(Beginning of Material provided)

(* Assume (S1) and let $\beta$ be given by (K1) or (K2). For any $J\in\mathbb Z^+$, any $\Delta t>0$, any $N$ (with $N\Delta t=T\le\infty$) and any given $\vec U^0,\vec U^1\in\mathbb R^{J-1}$, the fully discrete scheme (FD) has a solution $\vec U^2,\vec U^3,\dots,\vec U^N$, i.e. at each level $n\ge2$, given $\vec U^0,\dots,\vec U^{n-1}$, the (nonlinear) equation (FD) for $\vec U^n$ has at least one solution in $\mathbb R^{J-1}$.
   Context: Kernels: (K1) $\beta(t)=e^{-\sigma t}t^{\alpha-1}\cos(\gamma t)/\Gamma(\alpha)$ with $\sigma>1$, $0\le\gamma\le\sigma$, $\alpha\in\{1/2,1\}$; (K2) $\beta(t)=e^{-\sigma t}t^{\alpha-1}/\Gamma(\alpha)$ with $\sigma>1$, $0<\alpha\le1$. $K(t)=\int_t^\infty\beta(s)ds$, $K_0=K(0)<1$, $\mu_0=1-K_0$. Assumption (S1): $G:[0,\infty)\to(0,\infty)$ is continuous with $G(v)\ge g_0>0$ for all $v\ge0$, and $G$ is bounded on bounded sets. Grid: $h=1/J$, $x_j=jh$. For $\vec W=(W_1,\dots,W_{J-1})^\top$ extended by $W_0=W_J=0$, $W_{-1}=-W_1$, $W_{J+1}=-W_{J-1}$: $(W_j)_{x\bar x}=(W_{j+1}-2W_j+W_{j-1})/h^2$, $(W_j)_{xx\bar x\bar x}=(W_{j+2}-4W_{j+1}+6W_j-4W_{j-1}+W_{j-2})/h^4$. $\langle\vec V,\vec W\rangle=h\sum_{j=1}^{J-1}V_jW_j$, $\|\vec W\|=\langle\vec W,\vec W\rangle^{1/2}$. Time grid: $t_n=n\Delta t$, $\delta_t U^n=(U^n-U^{n-1})/\Delta t$, $\delta_t^2U^n=\delta_t(\delta_tU^n)$. Weights $w_{np}=\frac1{\Delta t}\int_{t_{n-1}}^{t_n}\int_{t_{p-1}}^{\min(t,t_p)}K(t-s)\,ds\,dt>0$, $1\le p\le n$. Fully discrete scheme (FD): for $n\ge2$, $j=1,\dots,J-1$: $\delta_t^2U_j^n+G(\|\vec U^n_{x\bar x}\|^2)\delta_tU_j^n+\mu_0(U_j^n)_{xx\bar x\bar x}+\sum_{p=1}^n w_{np}(\delta_tU_j^p)_{xx\bar x\bar x}=f(x_j,t_n)-K(t_n)(U_j^0)_{xx\bar x\bar x}$, with boundary conventions $U_0^n=U_J^n=0$, $U_{-1}^n=-U_1^n$, $U_{J+1}^n=-U_{J-1}^n$. *)

theory Defs
  imports "HOL-Analysis.Analysis"
begin

text \<open>Grid vectors \<open>W = (W_1,...,W_{J-1})\<close> are represented as functions \<open>nat \<Rightarrow> real\<close>;
only the values at indices \<open>1..J-1\<close> are used.  \<open>gext J W j\<close> is the extension to
integer indices \<open>j \<in> {-1..J+1}\<close> with \<open>W_0 = W_J = 0\<close>, \<open>W_{-1} = -W_1\<close>,
\<open>W_{J+1} = -W_{J-1}\<close>.\<close>

definition gext :: "nat \<Rightarrow> (nat \<Rightarrow> real) \<Rightarrow> int \<Rightarrow> real" where
  "gext J W j =
     (if j = -1 then - W 1
      else if j = int J + 1 then - W (J - 1)
      else if 1 \<le> j \<and> j \<le> int J - 1 then W (nat j)
      else 0)"

definition meshh :: "nat \<Rightarrow> real" where
  "meshh J = 1 / real J"

definition dxx :: "nat \<Rightarrow> (nat \<Rightarrow> real) \<Rightarrow> nat \<Rightarrow> real" where
  "dxx J W j = (gext J W (int j + 1) - 2 * gext J W (int j) + gext J W (int j - 1)) / (meshh J)^2"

(End of Material provided)

Show me each line of the listing above with "Rightarrow" in it.

text \<open>Grid vectors \<open>W = (W_1,...,W_{J-1})\<close> are represented as functions \<open>nat \<Rightarrow> real\<close>;
definition gext :: "nat \<Rightarrow> (nat \<Rightarrow> real) \<Rightarrow> int \<Rightarrow> real" where
definition meshh :: "nat \<Rightarrow> real" where
definition dxx :: "nat \<Rightarrow> (nat \<Rightarrow> real) \<Rightarrow> nat \<Rightarrow> real" where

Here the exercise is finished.